In a recent work (Nanotechnology 18, 095202), an ultimate scaling in the width of a gate electrode is demonstrated by a CNTFET with another CNT (diameter ∼3 nm) as a gate electrode. It is shown that such a short gate width is enough to turn the CNTFET on and off, and full channel operation is possible, independent of properties of the CNT–metal contacts. The device characteristics, such as transconductance and subthreshold swing, show an order of magnitude improvement with a CNT gate compared to the global back gate. A CNTFET with an ultra-short gate width is expected to have marked advantages in terms of operational frequency and will be a subject of future studies.

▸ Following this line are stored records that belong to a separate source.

lemma alt_odd_power_sum_0_eq:
  "alt_odd_power_sum n 0 = 4 ^ n / (2 * (real n + 1) * central_binomial_ratio (Suc n))"
proof (induction n)
  case 0
  then show ?case
    by (simp add: alt_odd_power_sum_0_left central_binomial_ratio_def)
next
  case (Suc n)
  define x where "x = 2 * real n + 3"
  define c where "c = central_binomial_ratio (Suc n)"
  define w where "w = real n + 1"
  have "x > 0" "c > 0" "w > 0"
    by (simp_all add: x_def c_def w_def central_binomial_ratio_pos)
  have "odd_real (Suc n) = x"
    by (simp add: odd_real_def x_def)
  then have "x ^ 2 * alt_odd_power_sum (Suc n) 0 = 8 * w * x * alt_odd_power_sum n 0"
    using alt_odd_power_sum_Suc_0[of n] by (simp add: x_def w_def)
  then have "alt_odd_power_sum (Suc n) 0 = 8 * w * alt_odd_power_sum n 0 / x"
    using \<open>x > 0\<close> by (simp add: field_simps power2_eq_square)
  also have "\<dots> = 4 * 4 ^ n / (x * c)"
    unfolding Suc.IH c_def[symmetric] w_def[symmetric] using \<open>c > 0\<close> \<open>w > 0\<close> by (simp add: field_simps)
  also have "\<dots> = 4 ^ Suc n / (2 * (real (Suc n) + 1) * central_binomial_ratio (Suc (Suc n)))"
  proof -
    have "central_binomial_ratio (Suc (Suc n)) = c * x / (2 * (w + 1))"
      unfolding c_def central_binomial_ratio_Suc[of "Suc n"] by (simp add: x_def w_def algebra_simps)
    moreover have "real (Suc n) + 1 = w + 1"
      by (simp add: w_def)
    ultimately show ?thesis
      using \<open>x > 0\<close> \<open>c > 0\<close> \<open>w > 0\<close> by (simp add: field_simps)
  qed
  finally show ?case .
qed

primrec t_star_sum :: "nat \<Rightarrow> nat \<Rightarrow> real" where
  "t_star_sum 0 n = 1"
| "t_star_sum (Suc j) n = (\<Sum>k=1..n. t_star_sum j k / (2 * real k - 1) ^ 2)"

lemma t_star_sum_Suc_Suc:
  "t_star_sum (Suc j) (Suc n) = t_star_sum (Suc j) n + t_star_sum j (Suc n) / odd_real n ^ 2"
  by (simp add: odd_real_def algebra_simps)

lemma t_star_sum_1_right: "t_star_sum j (Suc 0) = 1"
  by (induction j) simp_all

lemma alt_odd_power_sum_eq_t_star_sum:
  "alt_odd_power_sum n j = alt_odd_power_sum n 0 * t_star_sum j (Suc n)"
proof (induction j arbitrary: n)
  case 0
  then show ?case
    by simp
next
  case (Suc j)
  note IH_depth = Suc.IH
  show ?case
  proof (induction n)
    case 0
    then show ?case
      by (simp add: alt_odd_power_sum_0_left t_star_sum_1_right)
  next
    case (Suc n)
    define x where "x = odd_real (Suc n)"
    define c where "c = 8 * (real n + 1) * (2 * real n + 3)"
    have "x > 0"
      by (simp add: x_def odd_real_pos)
    have "x ^ 2 * alt_odd_power_sum (Suc n) (Suc j)
        = c * alt_odd_power_sum n (Suc j) + alt_odd_power_sum (Suc n) j"
      using alt_odd_power_sum_Suc_Suc[of n j] by (simp add: x_def c_def)
    also have "\<dots> = c * alt_odd_power_sum n 0 * t_star_sum (Suc j) (Suc n)
        + alt_odd_power_sum (Suc n) 0 * t_star_sum j (Suc (Suc n))"
      by (simp only: Suc.IH IH_depth mult.assoc)
    also have "\<dots> = x ^ 2 * alt_odd_power_sum (Suc n) 0 * t_star_sum (Suc j) (Suc n)
        + alt_odd_power_sum (Suc n) 0 * t_star_sum j (Suc (Suc n))"
      using alt_odd_power_sum_Suc_0[of n] by (simp add: x_def c_def)
    also have "\<dots> = x ^ 2 * (alt_odd_power_sum (Suc n) 0 * t_star_sum (Suc j) (Suc (Suc n)))"
      unfolding t_star_sum_Suc_Suc[of j "Suc n"] x_def[symmetric] using \<open>x > 0\<close>
      by (simp add: field_simps)
    finally show ?case
      using \<open>x > 0\<close> by simp
  qed
qed

lemma odd_harm_Suc: "odd_harm m (Suc n) = odd_harm m n + 1 / odd_real n ^ m"
  by (simp add: odd_harm_def odd_real_def algebra_simps)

Motivations for transistor applications
A carbon nanotube’s bandgap is directly affected by its chirality and diameter. If those properties can be controlled, CNTs would be a promising candidate for future nano-scale transistor devices. Moreover, because of the lack of boundaries in the perfect and hollow cylinder structure of CNTs, there is no boundary scattering. CNTs are also quasi-1D materials in which only forward scattering and back scattering are allowed, and elastic scattering mean free paths in carbon nanotubes are long, typically on the order of micrometers. As a result, quasi-ballistic transport can be observed in nanotubes at relatively long lengths and low fields.[7] Because of the strong covalent carbon-carbon bonding in the sp2 configuration, carbon nanotubes are chemically inert and are able to transport large amounts of electric current. In theory, carbon nanotubes are also able to conduct heat nearly as well as diamond or sapphire, and because of their miniaturized dimensions, the CNTFET should switch reliably using much less power than a silicon-based device.[8]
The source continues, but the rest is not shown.